(Saved entries)
(* Let $\{\mathcal G,(\Gamma_0,\Gamma_1),(\widetilde\Gamma_0,\widetilde\Gamma_1)\}$ be a quasi boundary triple for the adjoint pair $\{S,\widetilde S\}$ (with cores $T$ of $S^*$ and $\widetilde T$ of $\widetilde S^*$). Then the following are equivalent: (i) $T=S^*$ and $\widetilde T=\widetilde S^*$; (ii) $\operatorname{ran}(\Gamma_0,\Gamma_1)^\top=\mathcal G\times\mathcal G$ and $\operatorname{ran}(\widetilde\Gamma_0,\widetilde\Gamma_1)^\top=\mathcal G\times\mathcal G$.
   Context: Let $\mathfrak H$ be a separable Hilbert space. An adjoint pair $\{S,\widetilde S\}$ consists of densely defined closed operators $S,\widetilde S$ in $\mathfrak H$ with $(Sf,g)=(f,\widetilde Sg)$ for all $f\in\operatorname{dom}S$, $g\in\operatorname{dom}\widetilde S$. Fix operators $T\subset S^*$ and $\widetilde T\subset\widetilde S^*$ which are cores, i.e. $\overline T=S^*$ and $\overline{\widetilde T}=\widetilde S^*$ (equivalently $T^*=S$, $\widetilde T^*=\widetilde S$). A triple $\{\mathcal G,(\Gamma_0,\Gamma_1),(\widetilde\Gamma_0,\widetilde\Gamma_1)\}$ for $\{S,\widetilde S\}$ consists of a Hilbert space $\mathcal G$ and linear maps $\Gamma_0,\Gamma_1:\operatorname{dom}T\to\mathcal G$, $\widetilde\Gamma_0,\widetilde\Gamma_1:\operatorname{dom}\widetilde T\to\mathcal G$. Put $A_0:=T\upharpoonright\ker\Gamma_0$ and $\widetilde A_0:=\widetilde T\upharpoonright\ker\widetilde\Gamma_0$. Conditions: (G) $(Tf,g)_{\mathfrak H}-(f,\widetilde Tg)_{\mathfrak H}=(\Gamma_1f,\widetilde\Gamma_0g)_{\mathcal G}-(\Gamma_0f,\widetilde\Gamma_1g)_{\mathcal G}$ for all $f\in\operatorname{dom}T$, $g\in\operatorname{dom}\widetilde T$; (DD) $\operatorname{ran}(\Gamma_0,\Gamma_1)^\top$ and $\operatorname{ran}(\widetilde\Gamma_0,\widetilde\Gamma_1)^\top$ are dense in $\mathcal G\times\mathcal G$; (M) $A_0^*=\widetilde A_0$ and $\widetilde A_0^*=A_0$. A quasi boundary triple is a triple satisfying (G), (DD) and (M). *)

theory Defs
  imports "HOL-Analysis.Analysis"
begin

text \<open>Complex Hilbert spaces, encoded as real Hilbert spaces (real part of the
complex inner product) equipped with an isometric real-linear map iunit
(multiplication by the imaginary unit) with iunit (iunit x) = - x.\<close>

class chilbert_space = real_inner + complete_space +
  fixes iunit :: "'a \<Rightarrow> 'a"
  assumes iunit_add: "iunit (x + y) = iunit x + iunit y"
    and iunit_scaleR: "iunit (scaleR r x) = scaleR r (iunit x)"
    and iunit_iunit: "iunit (iunit x) = - x"
    and iunit_inner: "inner (iunit x) (iunit y) = inner x y"

definition cscale :: "complex \<Rightarrow> 'a::chilbert_space \<Rightarrow> 'a" where
  "cscale c x = scaleR (Re c) x + scaleR (Im c) (iunit x)"

text \<open>Complex inner product, linear in the first, antilinear in the second argument.\<close>
definition cinner :: "'a::chilbert_space \<Rightarrow> 'a \<Rightarrow> complex" where
  "cinner x y = Complex (inner x y) (inner x (iunit y))"

definition csubspace :: "'a::chilbert_space set \<Rightarrow> bool" where
  "csubspace D \<longleftrightarrow> 0 \<in> D \<and> (\<forall>x\<in>D. \<forall>y\<in>D. x + y \<in> D) \<and> (\<forall>c. \<forall>x\<in>D. cscale c x \<in> D)"

text \<open>A (complex-)linear map defined on the subspace D (values outside D are irrelevant).\<close>
definition clinear_on :: "'a::chilbert_space set \<Rightarrow> ('a \<Rightarrow> 'b::chilbert_space) \<Rightarrow> bool" where
  "clinear_on D A \<longleftrightarrow> csubspace D \<and> (\<forall>x\<in>D. \<forall>y\<in>D. A (x + y) = A x + A y)
     \<and> (\<forall>c. \<forall>x\<in>D. A (cscale c x) = cscale c (A x))"

text \<open>An operator in H is given by its domain D and its action A on D.\<close>
definition graph :: "'a set \<Rightarrow> ('a \<Rightarrow> 'b) \<Rightarrow> ('a \<times> 'b) set" where
  "graph D A = {(x, A x) | x. x \<in> D}"

definition linear_operator :: "'a::chilbert_space set \<Rightarrow> ('a \<Rightarrow> 'a) \<Rightarrow> bool" where
  "linear_operator D A \<longleftrightarrow> clinear_on D A"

TASK ITEM
What is needed here is every record above, repeated exactly.

RESULT OF THE EXERCISE
(* Let $\{\mathcal G,(\Gamma_0,\Gamma_1),(\widetilde\Gamma_0,\widetilde\Gamma_1)\}$ be a quasi boundary triple for the adjoint pair $\{S,\widetilde S\}$ (with cores $T$ of $S^*$ and $\widetilde T$ of $\widetilde S^*$). Then the following are equivalent: (i) $T=S^*$ and $\widetilde T=\widetilde S^*$; (ii) $\operatorname{ran}(\Gamma_0,\Gamma_1)^\top=\mathcal G\times\mathcal G$ and $\operatorname{ran}(\widetilde\Gamma_0,\widetilde\Gamma_1)^\top=\mathcal G\times\mathcal G$.
   Context: Let $\mathfrak H$ be a separable Hilbert space. An adjoint pair $\{S,\widetilde S\}$ consists of densely defined closed operators $S,\widetilde S$ in $\mathfrak H$ with $(Sf,g)=(f,\widetilde Sg)$ for all $f\in\operatorname{dom}S$, $g\in\operatorname{dom}\widetilde S$. Fix operators $T\subset S^*$ and $\widetilde T\subset\widetilde S^*$ which are cores, i.e. $\overline T=S^*$ and $\overline{\widetilde T}=\widetilde S^*$ (equivalently $T^*=S$, $\widetilde T^*=\widetilde S$). A triple $\{\mathcal G,(\Gamma_0,\Gamma_1),(\widetilde\Gamma_0,\widetilde\Gamma_1)\}$ for $\{S,\widetilde S\}$ consists of a Hilbert space $\mathcal G$ and linear maps $\Gamma_0,\Gamma_1:\operatorname{dom}T\to\mathcal G$, $\widetilde\Gamma_0,\widetilde\Gamma_1:\operatorname{dom}\widetilde T\to\mathcal G$. Put $A_0:=T\upharpoonright\ker\Gamma_0$ and $\widetilde A_0:=\widetilde T\upharpoonright\ker\widetilde\Gamma_0$. Conditions: (G) $(Tf,g)_{\mathfrak H}-(f,\widetilde Tg)_{\mathfrak H}=(\Gamma_1f,\widetilde\Gamma_0g)_{\mathcal G}-(\Gamma_0f,\widetilde\Gamma_1g)_{\mathcal G}$ for all $f\in\operatorname{dom}T$, $g\in\operatorname{dom}\widetilde T$; (DD) $\operatorname{ran}(\Gamma_0,\Gamma_1)^\top$ and $\operatorname{ran}(\widetilde\Gamma_0,\widetilde\Gamma_1)^\top$ are dense in $\mathcal G\times\mathcal G$; (M) $A_0^*=\widetilde A_0$ and $\widetilde A_0^*=A_0$. A quasi boundary triple is a triple satisfying (G), (DD) and (M). *)

theory Defs
  imports "HOL-Analysis.Analysis"
begin

text \<open>Complex Hilbert spaces, encoded as real Hilbert spaces (real part of the
complex inner product) equipped with an isometric real-linear map iunit
(multiplication by the imaginary unit) with iunit (iunit x) = - x.\<close>

class chilbert_space = real_inner + complete_space +
  fixes iunit :: "'a \<Rightarrow> 'a"
  assumes iunit_add: "iunit (x + y) = iunit x + iunit y"
    and iunit_scaleR: "iunit (scaleR r x) = scaleR r (iunit x)"
    and iunit_iunit: "iunit (iunit x) = - x"
    and iunit_inner: "inner (iunit x) (iunit y) = inner x y"

definition cscale :: "complex \<Rightarrow> 'a::chilbert_space \<Rightarrow> 'a" where
  "cscale c x = scaleR (Re c) x + scaleR (Im c) (iunit x)"

text \<open>Complex inner product, linear in the first, antilinear in the second argument.\<close>
definition cinner :: "'a::chilbert_space \<Rightarrow> 'a \<Rightarrow> complex" where
  "cinner x y = Complex (inner x y) (inner x (iunit y))"

definition csubspace :: "'a::chilbert_space set \<Rightarrow> bool" where
  "csubspace D \<longleftrightarrow> 0 \<in> D \<and> (\<forall>x\<in>D. \<forall>y\<in>D. x + y \<in> D) \<and> (\<forall>c. \<forall>x\<in>D. cscale c x \<in> D)"

text \<open>A (complex-)linear map defined on the subspace D (values outside D are irrelevant).\<close>
definition clinear_on :: "'a::chilbert_space set \<Rightarrow> ('a \<Rightarrow> 'b::chilbert_space) \<Rightarrow> bool" where
  "clinear_on D A \<longleftrightarrow> csubspace D \<and> (\<forall>x\<in>D. \<forall>y\<in>D. A (x + y) = A x + A y)
     \<and> (\<forall>c. \<forall>x\<in>D. A (cscale c x) = cscale c (A x))"

text \<open>An operator in H is given by its domain D and its action A on D.\<close>
definition graph :: "'a set \<Rightarrow> ('a \<Rightarrow> 'b) \<Rightarrow> ('a \<times> 'b) set" where
  "graph D A = {(x, A x) | x. x \<in> D}"

definition linear_operator :: "'a::chilbert_space set \<Rightarrow> ('a \<Rightarrow> 'a) \<Rightarrow> bool" where
  "linear_operator D A \<longleftrightarrow> clinear_on D A"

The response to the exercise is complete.